According to the initial agreement, the procedure included German and Soviet troops marching before their commanding officers followed by changing the flag, accompanied by national anthems of Germany and the Soviet Union. However, the Soviet commanding officer, Kombrig Semyon Krivoshein, wrote in his memoirs that he did not allow Soviet troops to pass alongside the German forces because he was afraid that Soviet troops, weary after a long march to Brest, would look inferior in comparison with the Germans, who had been in the city for several days. Instead, he suggested that the Soviet columns would enter the city separately and salute the leaving Germans whenever they meet.

The parade began at 16:00, and the "Victory Arches" were erected which the Soviet troops decorated with swastikas and red stars and through which German troops marched. The Soviets fielded the 4th Battalion of 29th Light Tank Brigade, which was the first unit of the Red Army to roll into the city.
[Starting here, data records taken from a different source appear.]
lemma
  fixes f :: "'a \<Rightarrow> 'b::{banach, second_countable_topology}"
  assumes M: "prob_space M" and i: "i \<in> I" and f[measurable]: "f \<in> borel_measurable M"
  shows integrable_PiM_component: "integrable M f \<Longrightarrow> integrable (PiM I (\<lambda>_. M)) (\<lambda>\<omega>. f (\<omega> i))"
    and integral_PiM_component: "(\<integral>\<omega>. f (\<omega> i) \<partial>PiM I (\<lambda>_. M)) = (\<integral>x. f x \<partial>M)"
proof -
  have distr: "distr (PiM I (\<lambda>_. M)) M (\<lambda>\<omega>. \<omega> i) = M"
    using M i by (rule distr_PiM_component)
  have [measurable]: "(\<lambda>\<omega>. \<omega> i) \<in> PiM I (\<lambda>_. M) \<rightarrow>\<^sub>M M"
    using i by measurable
  show "integrable M f \<Longrightarrow> integrable (PiM I (\<lambda>_. M)) (\<lambda>\<omega>. f (\<omega> i))"
    by (subst (asm) distr[symmetric]) (simp add: integrable_distr_eq)
  show "(\<integral>\<omega>. f (\<omega> i) \<partial>PiM I (\<lambda>_. M)) = (\<integral>x. f x \<partial>M)"
    by (subst (2) distr[symmetric]) (simp add: integral_distr)
qed

definition reflection :: "'a::real_inner \<Rightarrow> 'a \<Rightarrow> 'a" where
  "reflection u x = x - (2 * (x \<bullet> u)) *\<^sub>R u"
The Soviet and German generals paid homage to each other's armies and their respective victories over Polish forces.

==Aftermath==
After the parade, described as amicable, the Germans withdrew to the western bank of the Bug, and the Soviets took control over the city, as well as the rest of Eastern Poland (Western Belarus and Western Ukraine).
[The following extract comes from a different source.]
(* Let $(M,\pi)$ be a partial $H$-module and write $h\cdot m=\pi(h)(m)$. (a) The global core of $M$ is $$c(M)=\{m\in M : g\cdot(h\cdot m)=(gh)\cdot m \text{ for all } g,h\in H\},$$ and $c$ defines a functor ${}_H\mathcal M^{par}\to{}_H\mathcal M$ that is right adjoint to the inclusion functor $i:{}_H\mathcal M\to{}_H\mathcal M^{par}$. (b) The global shadow of $M$ is $s(M)=M/N$, where $N$ is the partial $H$-submodule of $M$ generated by all elements $h\cdot(g\cdot m)-(hg)\cdot m$ with $h,g\in H$, $m\in M$. Moreover $s$ defines a functor ${}_H\mathcal M^{par}\to{}_H\mathcal M$ that is left adjoint to $i$.
   Context: Throughout, $k$ is a field and $H$ is a Hopf algebra over $k$ with bijective antipode $S$ and Sweedler notation $\Delta(h)=h_{(1)}\otimes h_{(2)}$. A partial $H$-module is a vector space $M$ with a linear map $\pi:H\to\mathrm{End}_k(M)$ satisfying, for all $h,k\in H$: - $\pi(1_H)=\mathrm{id}$; - $\pi(h)\pi(k_{(1)})\pi(S(k_{(2)}))=\pi(hk_{(1)})\pi(S(k_{(2)}))$; - $\pi(h_{(1)})\pi(S(h_{(2)}))\pi(k)=\pi(h_{(1)})\pi(S(h_{(2)})k)$; - $\pi(h)\pi(S(k_{(1)}))\pi(k_{(2)})=\pi(hS(k_{(1)}))\pi(k_{(2)})$; - $\pi(S(h_{(1)}))\pi(h_{(2)})\pi(k)=\pi(S(h_{(1)}))\pi(h_{(2)}k)$. Morphisms of partial $H$-modules are linear maps commuting with the $\pi(h)$; they form the category ${}_H\mathcal M^{par}$. A partial submodule is a subspace stable under all $\pi(h)$. Every left $H$-module $M$ (action $\triangleright$) is a partial $H$-module via $\pi(h)(m)=h\triangleright m$. This gives the inclusion functor $i:{}_H\mathcal M\to{}_H\mathcal M^{par}$. A partial $H$-module is called global if $\pi$ is an algebra morphism, i.e. it lies in the image of $i$. The global core of $M$ is the largest partial submodule of $M$ that is global. The global shadow is the largest quotient of $M$ (by a partial submodule) that is global. *)

theory Defs
  imports Complex_Main
begin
==German–Soviet parades in other Polish cities==
Several historic works published in the 1980s and 1990s discuss joint military parades of the Red Army and German Wehrmacht in other cities of occupied Poland such as Białystok, Grodno, Lwow and others.

For example, Russian historian Mikhail Semiryaga writes in his 1992 work Secrets of Stalin's diplomacy without citing any sources: "Joint parades with militaries of both countries as participants took place In Grodno, Brest, Pinsk and several other cities (Germans called them 'victory parades'). The parade in Grodno was supervised by Kombrig Vasily Chuikov." Another author, Alexander Nekrich, made a similar claim, taking some "photographs" as evidence: "The conclusion of military operations against Poland was marked by joint parades of German and Soviet militaries in Brest and Lwow in the first days of October [1939]."

In later works, Russian historians such as Mikhail Meltyukhov and Oleg Vishlyov dismiss the parades in other cities as "a myth", pointing to the fact that virtually no evidence has been found to confirm that those parades actually took place. In Lwow, Vishlyov states, it was impossible to organize a joint parade, as the Soviet troops were ordered to move to a distance of 20 km from the Germans after an accidental exchange of fire between the two sides, and no German units were present there at the time when the city capitulated to the Soviets.